The present invention relates to the automated determination of the nucleic acid sequence of a polynucleotide. More particularly, the invention relates to an improved method and apparatus for determining the sequence of a nucleic acid, particularly DNA, that utilizes novel informative variables related to the nucleic acid sequence and an associated method and apparatus that improves the resolution of nucleic acid signals in the digitized data stream corresponding to the sequencing ladder.
Current methods of DNA sequencing rely upon electrophoretic separation of incremental oligonucleotides. These stochastic arrays of oligomers are produced usually by one of two methods. The Maxam-Gilbert method (Proc. Natl. Acad. Sci. USA, 74: 560-564 (1977)) is a chemical method used to randomly cleave the DNA strand while the Sanger et al. method (Proc. Natl. Acad. Sci USA, 74: 5463-5467 (1977) uses dideoxy terminators to halt the biosynthesis process of replication.
The prior art determinants of DNA sequence have been the spatial ordering of oligomers and/or the use of differential labels with basecalling accomplished in a deterministic manner using these indicators at particular points. Thus, each base was identified individually, apart from its neighbors. For instance, one conventional approach is to monitor the signal data stream and flag the system when the signal value suddenly starts decreasing as it passes through a maximum. Therefore, by locating successive maxima, the areas in the region of each successive signal can be located. A property related to the differential label, such as the ratio of fluorescence in the region of the maxima between more than one different channel, can then be used to identify the particular base located at the end of the oligonucleotide corresponding to the particular signal. However, this method suffers not only from the possibility of not locating successive peaks, but also from problems related to inaccurate background subtraction.

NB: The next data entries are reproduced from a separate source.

(* Let $\mathcal S$ be a (possibly infinite) set of curves in $\mathbb C^2$, each of degree at most $d$, and suppose that $\bigcap_{C\in\mathcal S}C$ contains a set $I$ with $|I|>d^2$. Then there is a curve $C_0$ with $C_0\subset\bigcap_{C\in\mathcal S}C$ and $|C_0\cap I|\geq |I|-(d-1)^2$.
   Context: A curve in $\mathbb C^2$ is the zero set of a polynomial in $\mathbb C[x,y]\setminus\mathbb C$; its degree is the minimum degree of a defining polynomial. *)

theory Defs
  imports "HOL-Computational_Algebra.Polynomial"
begin

text \<open>Bivariate complex polynomials f(x,y) are represented as polynomials in y
whose coefficients are polynomials in x: type complex poly poly.\<close>

type_synonym bipoly = "complex poly poly"

definition bipoly_eval :: "bipoly \<Rightarrow> complex \<times> complex \<Rightarrow> complex" where
  "bipoly_eval p z = poly (map_poly (\<lambda>c. poly c (fst z)) p) (snd z)"

definition total_degree :: "bipoly \<Rightarrow> nat" where
  "total_degree p = Max ({degree (coeff p j) + j | j. coeff p j \<noteq> 0} \<union> {0})"

definition zero_set :: "bipoly \<Rightarrow> (complex \<times> complex) set" where
  "zero_set p = {z. bipoly_eval p z = 0}"

definition is_curve :: "(complex \<times> complex) set \<Rightarrow> bool" where
  "is_curve C \<longleftrightarrow> (\<exists>p. total_degree p > 0 \<and> C = zero_set p)"

definition curve_degree :: "(complex \<times> complex) set \<Rightarrow> nat" where
  "curve_degree C = (LEAST n. \<exists>p. total_degree p > 0 \<and> C = zero_set p \<and> total_degree p = n)"

end

theory Submission
  imports Defs "HOL-Computational_Algebra.Polynomial_Factorial"
    "HOL-Computational_Algebra.Field_as_Ring"
begin

text \<open>Choose defining polynomials \<open>p\<^sub>C\<close> of degree \<open>\<le> d\<close> and a common divisor \<open>h\<close> of all of
  them of maximal degree \<open>e\<close>; write \<open>p\<^sub>C = h g\<^sub>C\<close>. The points of \<open>I\<close> off the curve \<open>h = 0\<close> are
  common zeros of all \<open>g\<^sub>C\<close>. By maximality of \<open>h\<close>, every prime factor \<open>q\<close> of one \<open>g\<^sub>C\<close> fails to
  divide some other \<open>g\<^sub>C\<^sub>'\<close>, so by a weak B\'ezout bound (coprime \<open>f, g\<close> have at most
  \<open>deg f \<cdot> deg g\<close> common zeros) at most \<open>(d - e) deg q\<close> of these points lie on \<open>q = 0\<close>, hence at most
  \<open>(d - e)\<^sup>2 \<le> (d - 1)\<^sup>2\<close> in total. As \<open>|I| > d\<^sup>2\<close>, this forces \<open>e \<ge> 1\<close>, and \<open>h = 0\<close> is the curve.\<close>

lemma map_poly_add:
  assumes "f 0 = 0" "\<And>a b. f (a + b) = f a + f b"
  shows "map_poly f (p + q) = map_poly f p + map_poly f q"
  by (intro poly_eqI) (simp add: coeff_map_poly assms)

lemma map_poly_mult:
  fixes f :: "'a::comm_semiring_1 \<Rightarrow> 'b::comm_semiring_1"
  assumes f0: "f 0 = 0" and f_add: "\<And>a b. f (a + b) = f a + f b"
    and f_mult: "\<And>a b. f (a * b) = f a * f b"
  shows "map_poly f (p * q) = map_poly f p * map_poly f q"
proof (induction p)
  case (pCons a p)
  have "map_poly f (pCons a p * q) = map_poly f (smult a q) + map_poly f (pCons 0 (p * q))"
    by (simp only: mult_pCons_left map_poly_add[of f, OF f0 f_add])
  also have "\<dots> = smult (f a) (map_poly f q) + pCons 0 (map_poly f p * map_poly f q)"
    using pCons by (simp add: map_poly_smult[of f, OF f0 f_mult] map_poly_pCons[of f, OF f0] f0)
  also have "\<dots> = map_poly f (pCons a p) * map_poly f q"
    by (simp add: map_poly_pCons[of f, OF f0])
  finally show ?case .
qed simp

lemma bipoly_eval_add: "bipoly_eval (p + q) z = bipoly_eval p z + bipoly_eval q z"
  unfolding bipoly_eval_def by (subst map_poly_add) auto

lemma bipoly_eval_mult: "bipoly_eval (p * q) z = bipoly_eval p z * bipoly_eval q z"
  unfolding bipoly_eval_def by (subst map_poly_mult) auto

lemma bipoly_eval_0 [simp]: "bipoly_eval 0 z = 0"
  by (simp add: bipoly_eval_def)

lemma bipoly_eval_1 [simp]: "bipoly_eval 1 z = 1"
  by (simp add: bipoly_eval_def)

lemma bipoly_eval_smult: "bipoly_eval (smult [:c:] p) z = c * bipoly_eval p z"
  unfolding bipoly_eval_def by (subst map_poly_smult) auto

lemma bipoly_eval_sum: "bipoly_eval (\<Sum>x\<in>A. f x) z = (\<Sum>x\<in>A. bipoly_eval (f x) z)"
  by (induction A rule: infinite_finite_induct) (auto simp: bipoly_eval_add)

lemma bipoly_eval_prod: "bipoly_eval (\<Prod>x\<in>A. f x) z = (\<Prod>x\<in>A. bipoly_eval (f x) z)"
  by (induction A rule: infinite_finite_induct) (auto simp: bipoly_eval_mult)

lemma bipoly_eval_x_minus [simp]: "bipoly_eval [:[:- a, 1:]:] z = fst z - a"
  by (simp add: bipoly_eval_def map_poly_pCons)

lemma bipoly_eval_y_minus [simp]: "bipoly_eval [:[:- b:], 1:] z = snd z - b"
  by (simp add: bipoly_eval_def map_poly_pCons)

lemma bipoly_eval_unit:
  assumes "is_unit p"
  shows "bipoly_eval p z \<noteq> 0"
proof -
  obtain r where "1 = p * r"
    using assms by (rule dvdE)
  then have "bipoly_eval p z * bipoly_eval r z = 1"
    by (metis bipoly_eval_1 bipoly_eval_mult)
  then show ?thesis
    by auto
qed

text \<open>The substitution \<open>x \<mapsto> t, y \<mapsto> t s\<close> (outer variable \<open>t\<close>, inner variable \<open>s\<close>)
  sends \<open>x\<^sup>i y\<^sup>j\<close> to \<open>s\<^sup>j t\<^sup>i\<^sup>+\<^sup>j\<close>, so it turns the total degree into an ordinary degree.\<close>

definition tdeg_subst :: "bipoly \<Rightarrow> complex poly poly" where
  "tdeg_subst p = poly (map_poly (map_poly (\<lambda>a. [:a:])) p) (monom (monom 1 1) 1)"

lemma tdeg_subst_mult: "tdeg_subst (p * q) = tdeg_subst p * tdeg_subst q"
  unfolding tdeg_subst_def
  by (subst map_poly_mult)
     (auto simp: map_poly_mult[of "\<lambda>a. [:a:]"] map_poly_add[of "\<lambda>a. [:a:]"])

lemma coeff_tdeg_subst:
  "coeff (coeff (tdeg_subst p) k) j = (if j \<le> k then coeff (coeff p j) (k - j) else 0)"
proof -
  have deg: "degree (map_poly (map_poly (\<lambda>a::complex. [:a:])) p) = degree p"
    by (rule degree_map_poly) (simp add: map_poly_eq_0_iff)
  have summand: "coeff (map_poly (map_poly (\<lambda>a. [:a:])) p) i * monom (monom 1 1) 1 ^ i =
      map_poly (\<lambda>a::complex. [:a:]) (coeff p i) * monom (monom 1 i) i" for i
    by (simp add: coeff_map_poly monom_power)
  have "tdeg_subst p = (\<Sum>i\<le>degree p. map_poly (\<lambda>a. [:a:]) (coeff p i) * monom (monom 1 i) i)"
    by (simp only: tdeg_subst_def poly_altdef deg summand)
  then have "coeff (coeff (tdeg_subst p) k) j =
      (\<Sum>i\<le>degree p. if j = i \<and> i \<le> k then coeff (coeff p i) (k - i) else 0)"
    by (simp add: coeff_sum mult.commute[of _ "monom _ _"] coeff_monom_mult coeff_map_poly
        cong: if_cong)
       (intro sum.cong refl, auto)
  also have "\<dots> = (\<Sum>i\<le>degree p. if j = i then (if j \<le> k then coeff (coeff p j) (k - j) else 0) else 0)"
    by (intro sum.cong) auto
  also have "\<dots> = (if j \<le> k then coeff (coeff p j) (k - j) else 0)"
    by (simp add: coeff_eq_0)
  finally show ?thesis .
qed

lemma tdeg_subst_eq_0_iff [simp]: "tdeg_subst p = 0 \<longleftrightarrow> p = 0"
proof
  assume "tdeg_subst p = 0"
  then have "coeff (coeff p j) i = 0" for i j
    using coeff_tdeg_subst[of p "i + j" j] by simp
  then show "p = 0"
    by (metis leading_coeff_0_iff)
qed (simp add: tdeg_subst_def)

lemma finite_total_degree_candidates:
  "finite ({degree (coeff p j) + j | j. coeff p j \<noteq> 0} \<union> {0})"
proof -
  have "{degree (coeff p j) + j | j. coeff p j \<noteq> 0} \<subseteq> (\<lambda>j. degree (coeff p j) + j) ` {..degree p}"
    using le_degree by fastforce
  then show ?thesis
    by (simp add: finite_subset)
qed

lemma le_total_degree:
  assumes "coeff (coeff p j) i \<noteq> 0"
  shows "i + j \<le> total_degree p"
proof -
  have "i + j \<le> degree (coeff p j) + j"
    using assms le_degree by simp
  moreover have "degree (coeff p j) + j \<in> {degree (coeff p j) + j | j. coeff p j \<noteq> 0} \<union> {0}"
    using assms by auto
  ultimately show ?thesis
    unfolding total_degree_def using Max_ge[OF finite_total_degree_candidates] le_trans by blast
qed

lemma total_degree_le:
  assumes "\<And>i j. coeff (coeff p j) i \<noteq> 0 \<Longrightarrow> i + j \<le> k"
  shows "total_degree p \<le> k"
  unfolding total_degree_def
proof (subst Max_le_iff[OF finite_total_degree_candidates], blast, safe)
  fix j assume "coeff p j \<noteq> 0"
  then show "degree (coeff p j) + j \<le> k"
    using assms[of j "degree (coeff p j)"] by simp
qed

The instrumental design and operation of DNA sequencers varies from simple to elaborate. Yet a fundamental limitation of each of these systems is imposed by the separation and resolution of oligonucleotides through electrophoresis in DNA sequencing gels, such as denaturing polyacrylamide gels. The system of gel electrophoresis supports determination of DNA sequences from a single sample over a range from one to hundreds of nucleotides.
The manual, autoradiographic approach to the separation of oligonucleotides presents a static view of oligomer ladders after a fixed period of electrophoresis. Recently introduced, automated DNA sequencers enable real-time detection of oligomers by recording the signal emanating from the oligomer's fluorescent or radioactive labels as each oligomer of a sequencing ladder passes the instrument's detector(s).

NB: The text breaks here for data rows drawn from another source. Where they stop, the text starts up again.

lemma arc_disjoint_partner_exists:
  assumes ham: "is_ham_path G a b P" and ham': "is_ham_path G a b P'"
    and sum: "delta G b P + delta G b P' \<in> {card (carrier G), card (carrier G) - 1, card (carrier G) - 2}"
  shows "\<exists>Q. is_ham_path G a b Q \<and> path_arcs P \<inter> path_arcs Q = {}"
proof -
  obtain j\<^sub>1 L\<^sub>1 where j\<^sub>1: "j\<^sub>1 < m" and P: "P = std_path (last P) j\<^sub>1 L\<^sub>1"
    and orbit\<^sub>1: "full_return_orbit j\<^sub>1 (num_b_levels L\<^sub>1 r)"
    and delta\<^sub>1: "delta G b P = j\<^sub>1 + m * num_b_levels L\<^sub>1 r"
    using ham_path_std_params[OF ham] .
  obtain j\<^sub>2 L\<^sub>2 where j\<^sub>2: "j\<^sub>2 < m" and orbit\<^sub>2: "full_return_orbit j\<^sub>2 (num_b_levels L\<^sub>2 r)"
    and delta\<^sub>2: "delta G b P' = j\<^sub>2 + m * num_b_levels L\<^sub>2 r"
    using ham_path_std_params[OF ham'] .
  define y k\<^sub>1 k\<^sub>2 where "y = last P" and "k\<^sub>1 = num_b_levels L\<^sub>1 r" and "k\<^sub>2 = num_b_levels L\<^sub>2 r"
  have y: "y \<in> carrier G" unfolding y_def by (rule last_ham_path_closed[OF ham])
  have counts: "j\<^sub>1 + m * k\<^sub>1 + (j\<^sub>2 + m * k\<^sub>2) \<in> {r * m, r * m - 1, r * m - 2}"
    using sum card_carrier delta\<^sub>1 delta\<^sub>2 unfolding k\<^sub>1_def k\<^sub>2_def by simp
  have "k\<^sub>1 \<le> r - 1" and "k\<^sub>2 \<le> r - 1" unfolding k\<^sub>1_def k\<^sub>2_def by (rule num_b_levels_le)+
  hence "\<exists>Q. is_ham_path G a b Q \<and> path_arcs (std_path y j\<^sub>1 L\<^sub>1) \<inter> path_arcs Q = {}"
  proof (rule level_count_cases[OF j\<^sub>1 j\<^sub>2 _ _ two_le_m counts])
    assume "k\<^sub>1 + k\<^sub>2 + 1 = r" and "j\<^sub>1 + j\<^sub>2 + 1 = m \<or> j\<^sub>1 + j\<^sub>2 = m \<or> j\<^sub>1 + j\<^sub>2 + 2 = m"
    then obtain t where "t < m"
      and "\<And>p. 1 \<le> p \<Longrightarrow> p < m \<Longrightarrow> p \<noteq> t \<Longrightarrow> (p \<le> j\<^sub>1) \<noteq> ((p + (m - t)) mod m \<le> j\<^sub>2)"
      using complementary_shift_exists[OF j\<^sub>1] by blast
    thus ?thesis
      using arc_disjoint_partner_shift_c[OF y j\<^sub>1 j\<^sub>2 _ orbit\<^sub>1 orbit\<^sub>2] \<open>k\<^sub>1 + k\<^sub>2 + 1 = r\<close>
      unfolding k\<^sub>1_def k\<^sub>2_def by (simp add: add.commute)
  next
    assume "k\<^sub>1 + k\<^sub>2 = r" and "j\<^sub>1 = 0" and "j\<^sub>2 = 0"
    hence "k\<^sub>1 \<noteq> 0" using num_b_levels_le[of L\<^sub>2 r] r_pos unfolding k\<^sub>2_def by linarith
    then obtain i\<^sub>0 where i\<^sub>0: "1 \<le> i\<^sub>0" "i\<^sub>0 < r" and "L\<^sub>1 i\<^sub>0"
      unfolding k\<^sub>1_def num_b_levels_def by (auto simp: card_eq_0_iff)
    thus ?thesis
      using arc_disjoint_partner_shift_a[OF y j\<^sub>1 j\<^sub>2 i\<^sub>0 orbit\<^sub>1 orbit\<^sub>2] \<open>k\<^sub>1 + k\<^sub>2 = r\<close>
        \<open>j\<^sub>1 = 0\<close> \<open>j\<^sub>2 = 0\<close>
      unfolding k\<^sub>1_def k\<^sub>2_def by (simp add: add.commute)
  next
    assume "k\<^sub>1 + k\<^sub>2 + 2 = r" and "j\<^sub>1 + 1 = m" and "j\<^sub>2 + 1 = m"
    hence "num_b_levels (\<lambda>i. \<not> L\<^sub>1 i) r \<noteq> 0"
      using num_b_levels_not[of L\<^sub>1 r] unfolding k\<^sub>1_def by linarith
    then obtain i\<^sub>0 where i\<^sub>0: "1 \<le> i\<^sub>0" "i\<^sub>0 < r" and "\<not> L\<^sub>1 i\<^sub>0"
      unfolding num_b_levels_def by (auto simp: card_eq_0_iff)
    thus ?thesis
      using arc_disjoint_partner_shift_a[OF y j\<^sub>1 j\<^sub>2 i\<^sub>0 orbit\<^sub>1 orbit\<^sub>2] \<open>k\<^sub>1 + k\<^sub>2 + 2 = r\<close>
        \<open>j\<^sub>1 + 1 = m\<close> \<open>j\<^sub>2 + 1 = m\<close>
      unfolding k\<^sub>1_def k\<^sub>2_def by (simp add: add.commute)
  qed
  thus ?thesis using P unfolding y_def by simp
qed

end

theorem mainTheorem8:
  fixes G :: "('g, 'm) monoid_scheme" and a b :: 'g and P P' :: "'g list"
  assumes "comm_group G" and "finite (carrier G)"
    and "a \<in> carrier G" and "b \<in> carrier G" and "a \<noteq> b"
    and "generate G {a, b} = carrier G"
    and "is_ham_path G a b P" and "is_ham_path G a b P'"
    and "\<bar>int (delta G b P) - int (delta G a P')\<bar> \<le> 1
         \<or> delta G b P + delta G b P' \<in> {card (carrier G), card (carrier G) - 1, card (carrier G) - 2}"
  shows "\<exists>Q Q'. is_ham_path G a b Q \<and> is_ham_path G a b Q' \<and> path_arcs Q \<inter> path_arcs Q' = {}"
proof -
  interpret two_generated_abelian G a b
    using assms(1-6) by (simp add: two_generated_abelian_def two_generated_abelian_axioms_def)
  have "delta G a P' + delta G b P' = card (carrier G) - 1"
    using delta_add_delta assms(3-5,8) by blast
  hence "delta G b P + delta G b P' \<in> {card (carrier G), card (carrier G) - 1, card (carrier G) - 2}"
    using assms(9) card_carrier two_le_card by auto
  thus ?thesis using arc_disjoint_partner_exists assms(7,8) by blast
qed

end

Automation of the separation, data collection and analysis promises efficient and rapid operation and elimination of human errors in the transcription of results to DNA sequence files. Under ideal conditions of separation and resolution of the oligomers, the identification of successive terminal nucleotides is a straightforward exercise. Many DNA sequences, however, present local domains of anomalous oligomer yields or separations. Thus, errors in manual or automated DNA sequencing files are much more likely when either the separations of oligomers, the ratio of signal to noise, or both, are sub-optimal for trivial translation of the data. These errors appear as miscalled bases, extra or missing bases, or ambiguous and unidentified bases in the DNA sequence file.
Typical performance with contemporary automated DNA sequencing systems and the scanner/readers for sequencing gel autoradiograms is on the order of 90% to 97% correctly identified bases in any single sequencing run. For any particular DNA sequence, however, this level of performance, with automated data acquisition and translation, is seldom much worse than the results of a manual DNA sequencing analysis. The automated systems reliably generate data of comparable quality in less time, with less labor intensive effort, and with lower quantities of costly reagents.
Single strand error rates of 1% are often accepted as tolerable DNA sequencing performance because comparison with complementary strand sequence data should reduce the error rate to about 1 per 10,000 base pairs. However, this accuracy is feasible only if each mismatch of sequence and complement is correctly recognized and correctly reconciled. Even then, error rates of 0.10% to 0.01% are in the range of one mistaken base per gene. This error rates approximates the level of variation among alleles of a gene pool, some of which may correlate with severe burdens of inherited pathology.
In practice, comparisons of complementary single strands with error rates of 1% initially present about 1 mismatch per 50 base pairs, necessitating the identification and reconciliation of many sequence mismatches by the professional investigator. Practical experience of many investigators, over several years of manual DNA sequencing, indicates that the reconciliation of complementary strand mismatches is challenging, but feasible. The process is clearly tedious and time consuming. Furthermore, criteria for objective reconciliation of errors are not known.
Because small improvements in accuracy in the translation of raw sequencing data has a substantial impact on the level of undetected errors in the finished DNA sequences and, thus, the cost of DNA sequencing, there is a need for a method and apparatus to improve the accuracy of the finished DNA sequences. The instant invention solves this problem by providing methods and apparatus for both the enhanced separation and resolution of signals emanating from the labeled oligonucleotides and the improved determination of nucleic acid sequence employing novel informative variables related to the local nucleic acid sequence.